▶ [TASK DIRECTIONS]:
Starting from the first line below, count every line holding the word "modulus", then state the total alone.

▶ [MATERIAL SHOWN]:

lemma backward:
  assumes "j < m" "\<not> forward j"
  shows "A (hd (X (nxt j))) (hd (Y j))"
proof -
  have in_parts: "hd (Y j) \<in> set (X j @ p j # Y j)"
    "hd (X (nxt j)) \<in> set (X (nxt j) @ p (nxt j) # Y (nxt j))"
    using X_nonempty Y_nonempty nxt_less assms(1) by auto
  have "hd (Y j) \<noteq> hd (X (nxt j))"
  proof (cases "nxt j = j")
    case True
    then show ?thesis
      using paths[OF assms(1)] X_nonempty[OF assms(1)] Y_nonempty[OF assms(1)]
      unfolding converging_paths_def by (auto simp: neq_Nil_conv)
  next
    case False
    then show ?thesis
      using disjoint[OF nxt_less[OF assms(1)] assms(1) False] in_parts by (metis IntI empty_iff)
  qed
  moreover have "hd (Y j) \<in> V" "hd (X (nxt j)) \<in> V"
    using in_parts set_part_subset assms(1) nxt_less by blast+
  ultimately show ?thesis
    using tournament_on_total[OF tournament] assms(2) unfolding forward_def by blast
qed

definition dilated :: "nat \<Rightarrow> bool" where
  "dilated i \<longleftrightarrow> (if even i then forward (prv (i div 2)) else \<not> forward (i div 2))"

definition len :: "nat \<Rightarrow> nat" where
  "len i = k i + of_bool (dilated i)"

definition block :: "nat \<Rightarrow> 'a list" where
  "block i = (let j = i div 2 in
     if even i then (if forward (prv j) then [hd (Y (prv j))] else []) @ X j @ [p j]
     else p j # rev (Y j) @ (if forward j then [] else [hd (X (nxt j))]))"

lemma k_le_len: "k i \<le> len i"
  unfolding len_def by simp

lemma block_even: "block (2 * j) = (if forward (prv j) then [hd (Y (prv j))] else []) @ X j @ [p j]"
  unfolding block_def by simp

lemma block_odd: "block (Suc (2 * j)) = p j # rev (Y j) @ (if forward j then [] else [hd (X (nxt j))])"
  unfolding block_def by simp

lemma len_even: "len (2 * j) = k (2 * j) + of_bool (forward (prv j))"
  unfolding len_def dilated_def by simp

lemma len_odd: "len (Suc (2 * j)) = k (Suc (2 * j)) + of_bool (\<not> forward j)"
  unfolding len_def dilated_def by simp

lemma length_block: "i < 2 * m \<Longrightarrow> length (block i) = Suc (len i)"
  by (erule less_double_cases) (simp_all add: block_even block_odd len_even len_odd length_X length_Y)

lemma successively_block:
  assumes "i < 2 * m"
  shows "successively (\<lambda>x y. if even i then A x y else A y x) (block i)"
  using assms
proof (cases rule: less_double_cases)
  case (1 j)
  have "successively A (X j @ [p j])"
    using paths[OF 1(1)] unfolding converging_paths_def by blast
  moreover have "A (hd (Y (prv j))) (hd (X j @ [p j]))" if "forward (prv j)"
    using that nxt_prv[OF 1(1)] X_nonempty[OF 1(1)] unfolding forward_def by simp
  ultimately show ?thesis
    using 1(2) by (simp add: block_even successively_Cons)
next
  case (2 j)
  have "successively A (Y j @ [p j])"
    using paths[OF 2(1)] unfolding converging_paths_def by blast
  moreover have "A (hd (X (nxt j))) (hd (Y j @ [p j]))" if "\<not> forward j"
    using backward[OF 2(1) that] Y_nonempty[OF 2(1)] by simp
  ultimately have "successively A (rev (block i))"
    using 2(2) by (simp add: block_odd successively_Cons successively_append_iff)
  then show ?thesis
    using 2(2) by simp
qed

lemma last_block: "i < 2 * m \<Longrightarrow> last (block i) = hd (block (Suc i mod (2 * m)))"
proof (erule less_double_cases)
  fix j
  assume "j < m" "i = 2 * j"
  then show ?thesis
    by (simp add: block_even block_odd)
next
  fix j
  assume j: "j < m" "i = Suc (2 * j)"
  then have "Suc i mod (2 * m) = 2 * nxt j"
    unfolding nxt_def by auto
  then show ?thesis
    using j prv_nxt[OF j(1)] X_nonempty[OF nxt_less[OF j(1)]] Y_nonempty[OF j(1)]
    by (simp add: block_even block_odd last_rev)
qed


lemma set_butlast_block_even:
  "set (butlast (block (2 * j))) = (if forward (prv j) then {hd (Y (prv j))} else {}) \<union> set (X j)"
  unfolding block_even by (simp flip: append_assoc)

lemma set_butlast_block_odd:
  assumes "j < m"
  shows "set (butlast (block (Suc (2 * j)))) = insert (p j) (if forward j then set (tl (Y j)) else set (Y j))"
proof -
  obtain y ys where "Y j = y # ys"
    using Y_nonempty[OF assms] by (cases "Y j") auto
  then show ?thesis
    unfolding block_odd by (simp add: butlast_append)
qed

abbreviation blocks :: "'a list" where
  "blocks \<equiv> concat (map (\<lambda>i. butlast (block i)) [0..<2 * m])"

lemma set_blocks_subset: "set blocks \<subseteq> V"
proof
  fix v
  assume "v \<in> set blocks"
  then obtain i where i: "i < 2 * m" "v \<in> set (butlast (block i))"
    by auto
  from i(1) show "v \<in> V"
  proof (cases rule: less_double_cases)
    case (1 j)
    then show ?thesis
      using i(2) set_part_subset[OF prv_less[OF 1(1)]] set_part_subset[OF 1(1)]
        Y_nonempty[OF prv_less[OF 1(1)]]
      by (auto simp: set_butlast_block_even split: if_splits)
  next
    case (2 j)
    then show ?thesis
      using i(2) set_part_subset[OF 2(1)] list.set_sel(2)[OF Y_nonempty[OF 2(1)]]
      by (auto simp: set_butlast_block_odd split: if_splits)
  qed
qed

lemma V_subset_set_blocks: "V \<subseteq> set blocks"
proof
  fix v
  assume "v \<in> V"
  then obtain j where j: "j < m" "v \<in> set (X j @ p j # Y j)"
    using cover by blast
  have block_subset: "set (butlast (block i)) \<subseteq> set blocks" if "i < 2 * m" for i
    using that by auto
  consider "v \<in> set (X j) \<or> v = p j" | "v \<in> set (Y j)" "forward j" "v = hd (Y j)"
    | "v \<in> set (Y j)" "\<not> (forward j \<and> v = hd (Y j))"
    using j(2) by auto
  then show "v \<in> set blocks"
  proof cases
    case 1
    then show ?thesis
      using block_subset[of "2 * j"] block_subset[of "Suc (2 * j)"] j(1)
      by (auto simp: set_butlast_block_even set_butlast_block_odd)
  next
    case 2
    then show ?thesis
      using block_subset[of "2 * nxt j"] nxt_less[OF j(1)] prv_nxt[OF j(1)]
      by (auto simp: set_butlast_block_even)
  next
    case 3
    then have "v \<in> (if forward j then set (tl (Y j)) else set (Y j))"
      by (cases "Y j") auto
    then show ?thesis
      using block_subset[of "Suc (2 * j)"] j(1) by (auto simp: set_butlast_block_odd)
  qed
qed

lemma set_blocks: "set blocks = V"
  using set_blocks_subset V_subset_set_blocks by blast

lemma sum_dilated:
  "(\<Sum>i<2 * m. g (dilated i)) = (\<Sum>j<m. g (forward j) + g (\<not> forward j) :: 'b :: comm_monoid_add)"
proof -
  have "bij_betw prv {..<m} {..<m}"
    by (rule bij_betw_byWitness[where f' = nxt]) (auto simp: prv_nxt nxt_prv prv_less nxt_less)
  then have "(\<Sum>j<m. g (forward (prv j))) = (\<Sum>j<m. g (forward j))"
    by (rule sum.reindex_bij_betw)
  then show ?thesis
    unfolding sum_lessThan_double dilated_def by (simp add: sum.distrib)
qed

lemma card_V: "card V = m + (\<Sum>i<2 * m. k i)"
proof -
  have "card V = (\<Sum>j<m. card (set (X j @ p j # Y j)))"
    unfolding cover using disjoint by (intro card_UN_disjoint) auto
  also have "\<dots> = (\<Sum>j<m. Suc (k (2 * j) + k (Suc (2 * j))))"
  proof (rule sum.cong)
    fix j
    assume "j \<in> {..<m}"
    then show "card (set (X j @ p j # Y j)) = Suc (k (2 * j) + k (Suc (2 * j)))"
      using distinct_card[of "X j @ p j # Y j"] paths length_X length_Y
      unfolding converging_paths_def by simp
  qed simp
  finally show ?thesis
    by (simp add: sum_Suc sum.distrib sum_lessThan_double)
qed

lemma sum_len: "(\<Sum>i<2 * m. len i) = card V"
proof -
  have "(\<Sum>i<2 * m. of_bool (dilated i)) = (\<Sum>j<m. 1 :: nat)"
    unfolding sum_dilated by (rule sum.cong) simp_all
  then show ?thesis
    unfolding len_def sum.distrib card_V by simp
qed

lemma distinct_blocks: "distinct blocks"
proof (rule card_distinct)
  have "length blocks = (\<Sum>i<2 * m. len i)"
    using length_block by (intro length_concat_map_upt) simp
  then show "card (set blocks) = length blocks"
    using set_blocks sum_len by simp
qed

lemma card_non_dilated: "card {i. i < 2 * m \<and> len i = k i} = m"
proof -
  have "{i. i < 2 * m \<and> len i = k i} = {..<2 * m} \<inter> {i. \<not> dilated i}"
    unfolding len_def by auto
  then have "card {i. i < 2 * m \<and> len i = k i} = (\<Sum>i<2 * m. of_bool (\<not> dilated i))"
    by simp
  also have "\<dots> = (\<Sum>j<m. 1)"
    unfolding sum_dilated[of "\<lambda>b. of_bool (\<not> b) :: nat"] by (rule sum.cong) simp_all
  finally show ?thesis
    by simp
qed

lemma contains_cycle_len: "contains_cycle V A m len"
proof (rule contains_cycle_from_blocks)
  show "0 < len i" if "i < 2 * m" for i
    using k_pos[OF that] unfolding len_def by simp
qed (use length_block successively_block last_block distinct_blocks set_blocks in auto)

end
(* Fix $1\le r<\infty$, $d\in\mathbb{N}$ and $\varepsilon>0$. Let $a=\lceil(32/\varepsilon+2)^r\rceil$, $k_j=a^{j-1}$, and $Q=\{k_{2j}\}_{j=1}^\infty$. Then for all $\bar m\in[Q]^d$, all $k\in Q$ with $k>m_d$, and all step preserving maps $F\colon S^+_{\ell_\infty^k}\to S^+_{\ell_r^k}$ with $\omega_F(\tfrac1d)\le\tfrac\varepsilon8$, we have \[\Big\|F(z(\bar m))-\frac1{k^{1/r}}\sum_{i=1}^ke_i\Big\|_r\le\varepsilon,\] where $(e_i)_{i=1}^k$ is the standard basis of $\mathbb{R}^k$.
   Context: $S^+_{\ell_p^k}=\{x\in\mathbb{R}^k:\|x\|_p=1,\ x_i\ge0\ \forall i\}$. $[Q]^d$ is the set of increasing $d$-tuples from $Q$; with $m_0=0$, $z(\bar m)=\sum_{s=1}^d(1-\frac{s-1}{d})1_{(m_{s-1},m_s]}$, where $1_{(a,b]}$ is the indicator vector of $\{i:a<i\le b\}$. $F=(F_i)$ is step preserving if $x_i=x_j$ implies $F_i(x)=F_j(x)$. $\omega_F(t)=\sup\{\|F(x)-F(y)\|_r:\|x-y\|_\infty\le t\}$. *)

theory Defs
  imports Complex_Main
begin

text \<open>Vectors in R^k are represented as functions nat => real, with coordinates
  indexed by {1..k}; elements of the spheres below vanish outside {1..k}.\<close>

definition lp_norm :: "real \<Rightarrow> nat \<Rightarrow> (nat \<Rightarrow> real) \<Rightarrow> real" where
  "lp_norm p k x = (\<Sum>i\<in>{1..k}. \<bar>x i\<bar> powr p) powr (1 / p)"

definition sup_norm :: "nat \<Rightarrow> (nat \<Rightarrow> real) \<Rightarrow> real" where
  "sup_norm k x = Max ((\<lambda>i. \<bar>x i\<bar>) ` {1..k})"

definition pos_sphere_lp :: "real \<Rightarrow> nat \<Rightarrow> (nat \<Rightarrow> real) set" where
  "pos_sphere_lp p k = {x. lp_norm p k x = 1 \<and> (\<forall>i\<in>{1..k}. x i \<ge> 0) \<and> (\<forall>i. i \<notin> {1..k} \<longrightarrow> x i = 0)}"

definition pos_sphere_linf :: "nat \<Rightarrow> (nat \<Rightarrow> real) set" where
  "pos_sphere_linf k = {x. sup_norm k x = 1 \<and> (\<forall>i\<in>{1..k}. x i \<ge> 0) \<and> (\<forall>i. i \<notin> {1..k} \<longrightarrow> x i = 0)}"

definition step_preserving :: "nat \<Rightarrow> ((nat \<Rightarrow> real) \<Rightarrow> (nat \<Rightarrow> real)) \<Rightarrow> bool" where
  "step_preserving k F \<longleftrightarrow>
     (\<forall>x\<in>pos_sphere_linf k. \<forall>i\<in>{1..k}. \<forall>j\<in>{1..k}. x i = x j \<longrightarrow> F x i = F x j)"

definition modulus :: "real \<Rightarrow> nat \<Rightarrow> ((nat \<Rightarrow> real) \<Rightarrow> (nat \<Rightarrow> real)) \<Rightarrow> real \<Rightarrow> real" where
  "modulus r k F t = Sup {lp_norm r k (\<lambda>i. F x i - F y i) | x y.
       x \<in> pos_sphere_linf k \<and> y \<in> pos_sphere_linf k \<and> sup_norm k (\<lambda>i. x i - y i) \<le> t}"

▶ [SOLUTION TO THIS PROBLEM]:
2